Twenty-three studies (1,869 participants) were included: 12 randomised controlled trials, 10 pre-post single group studies and one non-randomised patient preference study. Four studies also evaluated a weight-loss maintenance intervention and followed up participants for between three and 12 months. Most studies were considered to be at moderate to high risk of bias (median quality score of 3). Only three studies were considered at low risk of bias. Seven studies used intention-to-treat analysis, five accounted for confounders in their analysis and five were adequately powered.
Meta-analysis of seven trials found a statistically significant benefit for weight-loss interventions with a greater reduction in weight compared with no intervention (weighted mean difference -5.66kg, 95% CI -6.35 to -4.97; Ι²=39%). The 11 non-randomised studies varied in interventions, duration and intensity of contact and most were at high risk of bias. Most reported a statistically significant reduction in mean weight after the intervention.

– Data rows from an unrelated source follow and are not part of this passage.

text \<open>At an interior strict maximum, mean-value points on its two sides would violate \<open>sign\<close>.\<close>

lemma quasi_convex_on_if_deriv_sign_change:
  fixes f f' :: "real \<Rightarrow> real"
  assumes deriv: "\<And>t. a \<le> t \<Longrightarrow> t \<le> b \<Longrightarrow> (f has_real_derivative f' t) (at t)"
    and sign: "\<And>s t. a \<le> s \<Longrightarrow> s < t \<Longrightarrow> t \<le> b \<Longrightarrow> 0 < f' s \<Longrightarrow> 0 \<le> f' t"
  shows "quasi_convex_on {a..b} f"
proof -
  have between: "f z \<le> max (f x) (f y)"
    if order: "a \<le> x" "x \<le> z" "z \<le> y" "y \<le> b" for x y z
  proof (rule ccontr)
    assume "\<not> ?thesis"
    then have "f x < f z" "f y < f z" by auto
    with order have "x < z" "z < y" by (auto simp: order.order_iff_strict)
    obtain s where s: "x < s" "s < z" "f z - f x = (z - x) * f' s"
      using MVT2[OF \<open>x < z\<close>, of f f'] deriv order by force
    obtain t where t: "z < t" "t < y" "f y - f z = (y - z) * f' t"
      using MVT2[OF \<open>z < y\<close>, of f f'] deriv order by force
    have "0 < f' s" using s \<open>f x < f z\<close> zero_less_mult_pos[of "z - x" "f' s"] by simp
    moreover have "f' t < 0" using t \<open>f y < f z\<close> mult_nonneg_nonneg[of "y - z" "f' t"] by linarith
    ultimately show False using sign[of s t] s t order by auto
  qed
  show ?thesis unfolding quasi_convex_on_def
  proof (intro ballI allI impI)
    fix x y t :: real assume "x \<in> {a..b}" "y \<in> {a..b}" "0 \<le> t \<and> t \<le> 1"
    moreover have "max (f (min x y)) (f (max x y)) = max (f x) (f y)" by (cases "x \<le> y") auto
    moreover have "min x y \<le> t * x + (1 - t) * y" "t * x + (1 - t) * y \<le> max x y"
      using \<open>0 \<le> t \<and> t \<le> 1\<close>
      by (smt (verit, del_insts) add.commute convex_bound_le segment_bound_lemma)+
    ultimately show "f (t * x + (1 - t) * y) \<le> max (f x) (f y)"
      using between[of "min x y" "t * x + (1 - t) * y" "max x y"] by auto
  qed
qed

Of the four studies that assessed a weight-loss maintenance intervention, two were randomised controlled trials considered to be at moderate risk of bias and two were pre-post studies considered to be at high risk of bias. Both randomised trials reported statistically significant but comparable weight regain for intervention and control groups.
Study characteristics found to have a possible relationship with intervention effectiveness were a prescribed energy restriction, interventions that included group face-to-face contact, higher frequency of contact (>2.7 per month) and a younger population (≤42.8 years).